We can see from Eq. 1.15 that choosing \(u=N\) yields the same result as \(u=0\). For increasing \(u\), therefore, the spectrum repeats itself. Even more, the symmetry of the complex exponential in Eq. 1.15 provides us with \(S_{-u}^* = S_u\), where \(S^*\) indicates the conjugate-complex of \(S\). For this reason, we gain no new information from computing the discrete Fourier transform for \(u > N/2\). By looking at Eq. 1.16, we can see that the frequency at \(u=N/2\) is exactly one half of the sampling frequency. This is the maximum frequency that can be unambiguously reconstructed in a discretely-sampled signal (known as the Shannon sampling theorem). The frequency \(f_N = 1/2 \varDelta t\) is known as the Nyquist frequency. In the context of Fig. 1.1, we briefly touched on the loss of detail smaller than the sensor area. Here, we have approached the same phenomenon from the mathematical perspective. The situation becomes worse if the signal actually contains frequency components higher than the Nyquist frequency, because those spectral components are reflected into the frequency band below \(f_N\), a phenomenon known asaliasing. Aliasing is not limited to signals sampled in time. Spatial discretization of components with a higher spatial frequency than \(1/2\varDelta x\) leads to Moiré patterns .
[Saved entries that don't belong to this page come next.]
lemma levels_lower_bound:
  obtains G where "G \<ge> 0"
    and "\<And>\<eta>. norm \<eta> \<le> G * (\<Sum>w<CARD('n). norm (matpow N w *v comb (level w \<eta>)))"
proof -
  define T where "T w \<eta> = norm (matpow N w *v comb (level w \<eta>))" for w \<eta>
  have "\<forall>w. \<exists>\<gamma>. \<gamma> > 0 \<and> (\<forall>\<eta>. \<gamma> * norm (level w \<eta>) \<le> T w \<eta>)"
  proof
    fix w
    obtain \<gamma> where "\<gamma> > 0" "\<And>\<eta>. \<gamma> * norm (level w \<eta>) \<le> T w \<eta>"
      unfolding T_def by (rule level_lower_bound[of w]) blast
    then show "\<exists>\<gamma>. \<gamma> > 0 \<and> (\<forall>\<eta>. \<gamma> * norm (level w \<eta>) \<le> T w \<eta>)" by blast
  qed
  then obtain \<gamma> where \<gamma>: "\<And>w. \<gamma> w > 0" "\<And>w \<eta>. \<gamma> w * norm (level w \<eta>) \<le> T w \<eta>"
    by metis
  define G where "G = (\<Sum>w<CARD('n). 1 / \<gamma> w)"
  show ?thesis
  proof
    show "G \<ge> 0" using \<gamma>(1) by (simp add: G_def sum_nonneg less_imp_le)
    fix \<eta> :: "real^'n"
    have "norm \<eta> \<le> (\<Sum>w<CARD('n). norm (level w \<eta>))"
      by (subst (1) sum_level[symmetric]) (rule norm_sum)
    also have "\<dots> \<le> (\<Sum>w<CARD('n). G * T w \<eta>)"
    proof (rule sum_mono)
      fix w assume "w \<in> {..<CARD('n)}"
      have "1 / \<gamma> w \<le> G"
        unfolding G_def using \<open>w \<in> {..<CARD('n)}\<close> \<gamma>(1) by (intro member_le_sum) (auto simp: less_imp_le)
      then have "1 / \<gamma> w * T w \<eta> \<le> G * T w \<eta>" by (rule mult_right_mono) (simp add: T_def)
      moreover have "norm (level w \<eta>) \<le> 1 / \<gamma> w * T w \<eta>"
        using \<gamma>(1)[of w] \<gamma>(2)[of w \<eta>] by (simp add: field_simps)
      ultimately show "norm (level w \<eta>) \<le> G * T w \<eta>" by linarith
    qed
    finally show "norm \<eta> \<le> G * (\<Sum>w<CARD('n). norm (matpow N w *v comb (level w \<eta>)))"
      by (simp add: T_def sum_distrib_left)
  qed
qed
definition index_pairs :: "nat \<Rightarrow> (nat \<times> nat) set" where
  "index_pairs n = {(i, j). i < j \<and> j < n}"

lemma finite_positions [simp]: "finite (positions s b)"
  by (simp add: positions_def)

lemma count_list_eq_card_positions: "count_list s b = card (positions s b)"
  by (simp add: positions_def count_list_eq_length_filter length_filter_conv_card eq_commute)

lemma count_list_False: "count_list s False = length s - count_list s True"
  by (induction s) (auto simp: Suc_diff_le count_le_length)

lemma finite_index_pairs [simp]: "finite (index_pairs n)"
  by (rule finite_subset[of _ "{..<n} \<times> {..<n}"]) (auto simp: index_pairs_def)

lemma sum_index_pairs: "(\<Sum>(i, j)\<in>index_pairs n. F i j) = (\<Sum>j<n. \<Sum>i<j. F i j)"
proof -
  have "(\<Sum>(i, j)\<in>index_pairs n. F i j) = (\<Sum>(j, i)\<in>Sigma {..<n} (\<lambda>j. {..<j}). F i j)"
    by (rule sum.reindex_bij_witness[of _ "\<lambda>(j, i). (i, j)" "\<lambda>(i, j). (j, i)"]) (auto simp: index_pairs_def)
  then show ?thesis by (simp add: sum.Sigma)
qed

lemma sum_index_pairs_Suc:
  "(\<Sum>(i, j)\<in>index_pairs (Suc n). F i j) = (\<Sum>j<n. F 0 (Suc j)) + (\<Sum>(i, j)\<in>index_pairs n. F (Suc i) (Suc j))"
  unfolding sum_index_pairs by (simp add: sum.lessThan_Suc_shift sum.distrib del: sum.lessThan_Suc)

lemma sum_of_nat_lessThan: "(\<Sum>j<n. real j) = real n * (real n - 1) / 2"
  by (induction n) (auto simp: field_simps)

lemma card_index_pairs: "real (card (index_pairs n)) = real n * (real n - 1) / 2"
  using sum_index_pairs[of "\<lambda>_ _. 1 :: real" n] by (simp add: sum_of_nat_lessThan)

lemma transp_sum_index_pairs: "transp_sum n \<psi> bs = (\<Sum>(i, j)\<in>index_pairs n. swap_op i j \<psi> bs)"
  by (simp add: transp_sum_def index_pairs_def)

lemma transp_sum_cong:
  "(\<And>s. length s = length bs \<Longrightarrow> f s = g s) \<Longrightarrow> transp_sum n f bs = transp_sum n g bs"
  by (simp add: transp_sum_def swap_op_def)

lemma transp_sum_add: "transp_sum n (\<lambda>s. f s + g s) bs = transp_sum n f bs + transp_sum n g bs"
  by (simp add: transp_sum_def swap_op_def sum.distrib case_prod_beta)
lemma gain_sign:
  "(z \<le> x \<longrightarrow> z \<le> y \<longrightarrow> 0 \<le> gain x y z) \<and> (x \<le> z \<longrightarrow> y \<le> z \<longrightarrow> gain x y z \<le> 0)"
proof (induction "x + y + z" arbitrary: x y z rule: less_induct)
  case less
  have nonneg: "0 \<le> gain x' y' z'" if "x' + y' + z' = x + y + z" "z' < x'" "z' < y'" for x' y' z'
    by (rule gain_nonneg_step) (use less.hyps that in auto)
  have nonpos: "gain x' y' z' \<le> 0" if "x' + y' + z' = x + y + z" "x' < z'" "y' < z'" for x' y' z'
    by (rule gain_nonpos_step) (use less.hyps that in auto)
  have tie_nonneg: "0 \<le> gain x' y' x'" if "x' + y' + x' = x + y + z" "x' \<le> y'" for x' y'
    using nonpos[of x' x' y'] that gain_tie[of x' y'] gain_diag[of x'] by (cases "x' = y'") auto
  have tie_nonpos: "gain x' y' x' \<le> 0" if "x' + y' + x' = x + y + z" "y' \<le> x'" for x' y'
    using nonneg[of x' x' y'] that gain_tie[of x' y'] gain_diag[of x'] by (cases "x' = y'") auto
  show ?case
  proof (intro conjI impI)
    assume "z \<le> x" "z \<le> y"
    then consider "z < x" "z < y" | "z = x" | "z = y"
      by linarith
    then show "0 \<le> gain x y z"
      using nonneg tie_nonneg[of x y] tie_nonneg[of y x] gain_swap[of x y z] \<open>z \<le> x\<close> \<open>z \<le> y\<close>
      by cases (simp_all add: add.commute)
  next
    assume "x \<le> z" "y \<le> z"
    then consider "x < z" "y < z" | "z = x" | "z = y"
      by linarith
    then show "gain x y z \<le> 0"
      using nonpos tie_nonpos[of x y] tie_nonpos[of y x] gain_swap[of x y z] \<open>x \<le> z\<close> \<open>y \<le> z\<close>
      by cases (simp_all add: add.commute)
  qed
qed
(* Let $H$ be a finite simple graph with $n=|V(H)|\ge 1$ vertices, chromatic number $\chi=\chi(H)$, and let $m'=m'(H)$ denote the number of non-edges of $H$. Then $$\left\lceil \frac{n}{\chi} \right\rceil \left( n - \frac{\chi}{2}\left\lceil\frac{n}{\chi}-1\right\rceil\right) \leq \rho(H) \leq n+m'.$$
   Context: All graphs are finite and simple. A coloring of a graph means a proper vertex coloring. An induced subgraph is rainbow if all its vertices receive pairwise different colors. For a graph $H$, $\rho(H)$ is the least number $m$ such that there exists a graph $G$ on $m$ vertices with the property that every proper vertex coloring of $G$ contains a rainbow induced subgraph isomorphic to $H$. A non-edge of $H$ is an unordered pair of distinct non-adjacent vertices of $H$. *)

theory Defs
  imports Complex_Main
begin

definition simple_graph :: "'a set \<Rightarrow> ('a \<Rightarrow> 'a \<Rightarrow> bool) \<Rightarrow> bool" where
  "simple_graph V E \<longleftrightarrow> finite V \<and> (\<forall>x y. E x y \<longrightarrow> x \<in> V \<and> y \<in> V)
     \<and> (\<forall>x y. E x y \<longrightarrow> E y x) \<and> (\<forall>x. \<not> E x x)"

definition proper_coloring :: "'a set \<Rightarrow> ('a \<Rightarrow> 'a \<Rightarrow> bool) \<Rightarrow> ('a \<Rightarrow> nat) \<Rightarrow> bool" where
  "proper_coloring V E c \<longleftrightarrow> (\<forall>x\<in>V. \<forall>y\<in>V. E x y \<longrightarrow> c x \<noteq> c y)"

definition chromatic_number :: "'a set \<Rightarrow> ('a \<Rightarrow> 'a \<Rightarrow> bool) \<Rightarrow> nat" where
  "chromatic_number V E = (LEAST k. \<exists>c. proper_coloring V E c \<and> c ` V \<subseteq> {..<k})"

definition induced_embedding ::
  "'a set \<Rightarrow> ('a \<Rightarrow> 'a \<Rightarrow> bool) \<Rightarrow> 'b set \<Rightarrow> ('b \<Rightarrow> 'b \<Rightarrow> bool) \<Rightarrow> ('a \<Rightarrow> 'b) \<Rightarrow> bool" where
  "induced_embedding VH EH VG EG f \<longleftrightarrow> inj_on f VH \<and> f ` VH \<subseteq> VG
     \<and> (\<forall>x\<in>VH. \<forall>y\<in>VH. EH x y \<longleftrightarrow> EG (f x) (f y))"

definition rainbow_forces ::
  "'b set \<Rightarrow> ('b \<Rightarrow> 'b \<Rightarrow> bool) \<Rightarrow> 'a set \<Rightarrow> ('a \<Rightarrow> 'a \<Rightarrow> bool) \<Rightarrow> bool" where
  "rainbow_forces VG EG VH EH \<longleftrightarrow> (\<forall>c. proper_coloring VG EG c \<longrightarrow>
     (\<exists>f. induced_embedding VH EH VG EG f \<and> inj_on c (f ` VH)))"

text \<open>rho(H): least m such that some graph on m vertices (w.l.o.g. on {0..<m})
  forces a rainbow induced copy of H.\<close>
definition rho :: "'a set \<Rightarrow> ('a \<Rightarrow> 'a \<Rightarrow> bool) \<Rightarrow> nat" where
  "rho VH EH = (LEAST m. \<exists>EG :: nat \<Rightarrow> nat \<Rightarrow> bool.
      simple_graph {..<m} EG \<and> rainbow_forces {..<m} EG VH EH)"

definition non_edges :: "'a set \<Rightarrow> ('a \<Rightarrow> 'a \<Rightarrow> bool) \<Rightarrow> 'a set set" where
  "non_edges V E = {{x, y} | x y. x \<in> V \<and> y \<in> V \<and> x \<noteq> y \<and> \<not> E x y}"

end

theory Submission
  imports Defs
begin

text \<open>Upper bound: order the vertices and replace each vertex u by a clique of 1 + k(u) copies,
  where k(u) counts the non-neighbours of u preceding it, copies of adjacent vertices being fully
  joined; this graph has n + m' vertices. Given a proper colouring, pick copies greedily along the
  order: a copy of u is automatically coloured differently from the chosen copies of neighbours,
  and the k(u) earlier non-neighbours block at most k(u) of the 1 + k(u) distinct colours on the
  clique of u.

  Lower bound: take a forcing graph G on rho(H) vertices and a colouring of H with \<chi> colours,
  and grow a properly coloured vertex set D of G using the colours below i\<chi>. Colouring the rest
  of G injectively with fresh colours, the rainbow copy of H meets D in at most i\<chi> vertices, so
  it has at least n - i\<chi> vertices outside D; these join D with \<chi> new colours transported from
  H. After q = \<lceil>n/\<chi>\<rceil> rounds, rho(H) \<ge> |D| \<ge> \<Sum>j<q. n - j\<chi>, which is the stated bound.\<close>

lemma rainbow_forces_relabel:
  assumes h: "bij_betw h W VG" and forces: "rainbow_forces VG EG V E"
  shows "rainbow_forces W (\<lambda>x y. x \<in> W \<and> y \<in> W \<and> EG (h x) (h y)) V E"
  unfolding rainbow_forces_def
proof (intro allI impI)
  fix c assume proper: "proper_coloring W (\<lambda>x y. x \<in> W \<and> y \<in> W \<and> EG (h x) (h y)) c"
  define h' where "h' = inv_into W h"
  have h': "bij_betw h' VG W" and hh': "\<And>x. x \<in> VG \<Longrightarrow> h (h' x) = x"
    using h by (simp_all add: h'_def bij_betw_inv_into bij_betw_inv_into_right)
  have h'W: "\<And>x. x \<in> VG \<Longrightarrow> h' x \<in> W"
    using h' bij_betwE by blast
  have "proper_coloring VG EG (c \<circ> h')"
    using proper h'W hh' unfolding proper_coloring_def by fastforce
  then obtain f where f: "induced_embedding V E VG EG f" "inj_on (c \<circ> h') (f ` V)"
    using forces unfolding rainbow_forces_def by blast
  have "induced_embedding V E W (\<lambda>x y. x \<in> W \<and> y \<in> W \<and> EG (h x) (h y)) (h' \<circ> f)"
    using f(1) h'W hh' inj_on_subset[OF bij_betw_imp_inj_on[OF h']] unfolding induced_embedding_def
    by (auto simp: image_subset_iff intro: comp_inj_on)
  moreover have "inj_on c ((h' \<circ> f) ` V)"
    using f(2) by (metis image_comp inj_on_imageI)
  ultimately show "\<exists>f. induced_embedding V E W (\<lambda>x y. x \<in> W \<and> y \<in> W \<and> EG (h x) (h y)) f
      \<and> inj_on c (f ` V)" by blast
qed

lemma ex_forcing_graph_on_nat:
  assumes "simple_graph VG EG" and "rainbow_forces VG EG V E"
  shows "\<exists>EG' :: nat \<Rightarrow> nat \<Rightarrow> bool.
    simple_graph {..<card VG} EG' \<and> rainbow_forces {..<card VG} EG' V E"
proof -
  obtain h where h: "bij_betw h {..<card VG} VG"
    using assms(1) ex_bij_betw_nat_finite[of VG] unfolding simple_graph_def atLeast0LessThan
    by blast
  have "simple_graph {..<card VG} (\<lambda>x y. x < card VG \<and> y < card VG \<and> EG (h x) (h y))"
    using assms(1) unfolding simple_graph_def by auto
  moreover have "rainbow_forces {..<card VG} (\<lambda>x y. x < card VG \<and> y < card VG \<and> EG (h x) (h y)) V E"
    using rainbow_forces_relabel[OF h assms(2)] by simp
  ultimately show ?thesis by blast
qed

lemma rho_le_card:
  assumes "simple_graph VG EG" and "rainbow_forces VG EG V E"
  shows "rho V E \<le> card VG"
  unfolding rho_def using ex_forcing_graph_on_nat[OF assms] by (rule Least_le)

lemma rho_attained:
  assumes "simple_graph VG EG" and "rainbow_forces VG EG V E"
  shows "\<exists>EG' :: nat \<Rightarrow> nat \<Rightarrow> bool.
    simple_graph {..<rho V E} EG' \<and> rainbow_forces {..<rho V E} EG' V E"
  unfolding rho_def using ex_forcing_graph_on_nat[OF assms] by (rule LeastI)

lemma proper_coloring_inj_on:
  assumes "\<And>x. \<not> E x x" and "inj_on c A"
  shows "proper_coloring A E c"
  using assms unfolding proper_coloring_def inj_on_def by blast

lemma proper_coloring_shift:
  "proper_coloring A E c \<Longrightarrow> proper_coloring A E (\<lambda>x. a + c x)"
  unfolding proper_coloring_def by simp

lemma proper_coloring_image_embedding:
  assumes "induced_embedding V E VG EG f" and "proper_coloring V E c"
  shows "proper_coloring (f ` V) EG (c \<circ> inv_into V f)"
  using assms unfolding proper_coloring_def induced_embedding_def by auto

lemma proper_coloring_if_Un:
  assumes "proper_coloring A E c" and "proper_coloring B E d"
    and "c ` A \<subseteq> {..<a}" and "\<And>x. x \<in> B \<Longrightarrow> a \<le> d x"
  shows "proper_coloring (A \<union> B) E (\<lambda>x. if x \<in> A then c x else d x)"
  unfolding proper_coloring_def
proof (intro ballI impI)
  fix x y assume "x \<in> A \<union> B" "y \<in> A \<union> B" "E x y"
  then show "(if x \<in> A then c x else d x) \<noteq> (if y \<in> A then c y else d y)"
    using assms unfolding proper_coloring_def by (cases "x \<in> A"; cases "y \<in> A") force+
qed

lemma chromatic_number_coloring:
  assumes "simple_graph V E"
  shows "\<exists>c. proper_coloring V E c \<and> c ` V \<subseteq> {..<chromatic_number V E}"
proof -
  have "finite V" and irrefl: "\<And>x. \<not> E x x"
    using assms unfolding simple_graph_def by blast+
  then obtain c where c: "bij_betw c V {..<card V}"
    using ex_bij_betw_finite_nat[of V] unfolding atLeast0LessThan by blast
  have "proper_coloring V E c"
    using irrefl bij_betw_imp_inj_on[OF c] by (rule proper_coloring_inj_on)
  moreover have "c ` V \<subseteq> {..<card V}" using c bij_betw_imp_surj_on by blast
  ultimately have "\<exists>c. proper_coloring V E c \<and> c ` V \<subseteq> {..<card V}" by blast
  then show ?thesis unfolding chromatic_number_def by (rule LeastI)
qed

definition blowup :: "'a set \<Rightarrow> ('a \<Rightarrow> nat) \<Rightarrow> ('a \<times> nat) set" where
  "blowup V k = Sigma V (\<lambda>u. {..k u})"

definition blowup_edges ::
  "'a set \<Rightarrow> ('a \<Rightarrow> 'a \<Rightarrow> bool) \<Rightarrow> ('a \<Rightarrow> nat) \<Rightarrow> 'a \<times> nat \<Rightarrow> 'a \<times> nat \<Rightarrow> bool" where
  "blowup_edges V E k p q \<longleftrightarrow> p \<in> blowup V k \<and> q \<in> blowup V k
     \<and> (fst p = fst q \<and> snd p \<noteq> snd q \<or> E (fst p) (fst q))"

lemma simple_graph_blowup:
  "simple_graph V E \<Longrightarrow> simple_graph (blowup V k) (blowup_edges V E k)"
  unfolding simple_graph_def blowup_edges_def blowup_def by auto

lemma card_blowup:
  assumes "finite V"
  shows "card (blowup V k) = card V + (\<Sum>u\<in>V. k u)"
  using assms unfolding blowup_def by (simp add: sum_Suc)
For images (i.e., discretely-sampled functions in two dimensions), the Fourier transform can be extended into two dimensions as well. Because of the linearity of the Fourier transform, we can perform the row-by-row Fourier transform in one dimension and subject the result to a column-by-column Fourier transform in the orthogonal dimension:

$$\begin{aligned} S(u,v) = {\fancyscript{F}} \{s(x,y) \} = \frac{1}{M N} \sum \limits _{x=0}^{N-1} \sum \limits _{y=0}^{M-1} s(x,y) \exp \left( -2 \pi j \left[ \frac{ux}{N} + \frac{vy}{M} \right] \right) . \end{aligned}$$
(1.17)

The Fourier transform now has two orthogonal frequency axes, \(u\) and \(v\). The inverse Fourier transform is

$$\begin{aligned} s(x,y) = {\fancyscript{F}}^{-1} \{S(u,v) \} = \sum \limits _{u=0}^{N-1} \sum \limits _{v=0}^{M-1} S(u,v) \exp \left( 2 \pi j \left[ \frac{ux}{N} + \frac{vy}{M}\right] \right) . \end{aligned}$$
(1.18)

The two-dimensional inverse Fourier transform finds its application in the reconstruction process in computed tomography and magnetic resonance. In both cases, one-dimensional Fourier-encoded information is gathered and used to fill a 2D Fourier-domain spaceholder. Once the spaceholder is completely filled, the inverse Fourier transform yields the cross-sectional reconstructed image.